The U.S. government said Wednesday it is suing Bank of America over allegations that it sold defective mortgage loans to government-sponsored enterprises, Fannie Mae and Freddie Mac, causing over US$1 billion in losses.
The U.S. attorney for the Southern District of New York, Preet Bharara, filed suit against the bank and the major mortgage lender it acquired in 2008, Countrywide Financial Corp., alleging that they engaged in a scheme to defraud the Federal National Mortgage Association (Fannie Mae) and the Federal Home Loan Mortgage Corp. (Freddie Mac) through a loan origination process, implemented called the “hustle”, which was intentionally designed to process loans at high speed and without quality checkpoints.
This process, it claims, generated thousands of fraudulent, and otherwise defective, residential mortgage loans, which were sold to Fannie Mae and Freddie Mac and later defaulted on, causing over US$1 billion dollars in losses and countless foreclosures.

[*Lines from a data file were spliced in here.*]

(* Let $x=(x_1,\dots,x_n)$ be a stochastic vector ($x_k\ge0$, $\sum_k x_k=1$) and let $y=x_1$. Then \[ \prod_{k=1}^n(1-x_k)^{1-x_k}\ \ge\ \frac{(1-y)^{1-y}}{e^{1-y}}. \]
   Context: Convention: $0^0=1$. *)

theory Defs
  imports Complex_Main
begin

definition rpow :: "real \<Rightarrow> real \<Rightarrow> real" where
  "rpow a b = (if a = 0 then (if b = 0 then 1 else 0) else a powr b)"

end

theory Submission
  imports Defs
begin

text \<open>
  Write u = 1 - t.  The elementary inequality ln u \<ge> 1 - 1/u gives
  u ln u \<ge> u - 1 = -t, i.e. the single-factor bound  (1-t)^(1-t) \<ge> e^(-t)
  for every t \<le> 1 (at t = 1 both conventions 0^0 = 1 and e^(-1) \<le> 1 agree).
  Multiplying these bounds over a finite index set turns the product of the
  factors into exp of minus the sum of the t's.  For a stochastic vector every
  entry lies in [0,1]; splitting off the first factor, the remaining entries sum
  to 1 - x_1, so the remaining product is at least e^(-(1-x_1)), which is the claim.
\<close>

lemma rpow_nonneg: "0 \<le> rpow a b"
  by (simp add: rpow_def)

lemma exp_neg_le_rpow:
  fixes t :: real
  assumes "t \<le> 1"
  shows "exp (- t) \<le> rpow (1 - t) (1 - t)"
proof (cases "t = 1")
  case True
  then show ?thesis by (simp add: rpow_def)
next
  case False
  define u where "u = 1 - t"
  have u_pos: "0 < u" using assms False by (simp add: u_def)
  have "ln (1/u) \<le> 1/u - 1" using u_pos by (intro ln_le_minus_one) auto
  hence "- ln u \<le> 1/u - 1" using u_pos by (simp add: ln_div)
  hence "u * (- ln u) \<le> u * (1/u - 1)" using u_pos by (intro mult_left_mono) auto
  hence "- t \<le> u * ln u" using u_pos by (simp add: u_def algebra_simps)
  hence "exp (- t) \<le> exp (u * ln u)" by simp
  also have "\<dots> = rpow u u" using u_pos by (simp add: rpow_def powr_def)
  finally show ?thesis by (simp add: u_def)
qed

lemma exp_neg_sum_le_prod_rpow:
  fixes t :: "'a \<Rightarrow> real"
  assumes "finite A" "\<And>k. k \<in> A \<Longrightarrow> t k \<le> 1"
  shows "exp (- (\<Sum>k\<in>A. t k)) \<le> (\<Prod>k\<in>A. rpow (1 - t k) (1 - t k))"
proof -
  have "exp (- (\<Sum>k\<in>A. t k)) = (\<Prod>k\<in>A. exp (- t k))"
    using exp_sum[OF assms(1), of "\<lambda>k. - t k"] by (simp add: sum_negf)
  also have "\<dots> \<le> (\<Prod>k\<in>A. rpow (1 - t k) (1 - t k))"
    by (rule prod_mono) (use assms exp_neg_le_rpow in auto)
  finally show ?thesis .
qed

lemma entry_le_one:
  fixes x :: "'a \<Rightarrow> real"
  assumes "finite A" "\<And>k. k \<in> A \<Longrightarrow> 0 \<le> x k" "(\<Sum>k\<in>A. x k) = 1" "j \<in> A"
  shows "x j \<le> 1"
  using member_le_sum[of j A x] assms by auto

theorem lemma5p5:
  fixes x :: "nat \<Rightarrow> real" and n :: nat
  assumes "n \<ge> 1"
    and "\<And>k. k \<in> {1..n} \<Longrightarrow> x k \<ge> 0"
    and "(\<Sum>k=1..n. x k) = 1"
  shows "(\<Prod>k=1..n. rpow (1 - x k) (1 - x k)) \<ge> rpow (1 - x 1) (1 - x 1) / exp (1 - x 1)"
proof -
  let ?f = "\<lambda>k. rpow (1 - x k) (1 - x k)"
  have split: "{1..n} = insert 1 {2..n}" using assms(1) by auto
  have rest_sum: "(\<Sum>k=2..n. x k) = 1 - x 1"
    using assms(3) unfolding split by (subst (asm) sum.insert) auto
  have "exp (- (1 - x 1)) \<le> (\<Prod>k=2..n. ?f k)"
    using exp_neg_sum_le_prod_rpow[of "{2..n}" x] entry_le_one[OF _ assms(2,3)] rest_sum
    by (auto simp: split)
  hence "?f 1 * exp (- (1 - x 1)) \<le> ?f 1 * (\<Prod>k=2..n. ?f k)"
    by (rule mult_left_mono) (rule rpow_nonneg)
  also have "\<dots> = (\<Prod>k=1..n. ?f k)"
    unfolding split by (subst prod.insert) auto
  finally show ?thesis
    using exp_minus[of "1 - x 1"] by (simp add: divide_inverse)
qed

end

This is the first civil fraud suit brought by the Department of Justice concerning mortgage loans sold to Fannie Mae or Freddie Mac. The complaint seeks civil penalties, as well as treble damages and penalties for over US$1 billion in losses suffered by Fannie Mae and Freddie Mac for defaulted loans sold by Countrywide and BofA. The allegations have not been proven.
“For the sixth time in less than 18 months, this office has been compelled to sue a major U.S. bank for reckless mortgage practices in the lead-up to the financial crisis,” noted Bharara. “The fraudulent conduct alleged in today’s complaint was spectacularly brazen in scope. As alleged, through a program aptly named ‘the Hustle’, Countrywide and Bank of America made disastrously bad loans and stuck taxpayers with the bill.”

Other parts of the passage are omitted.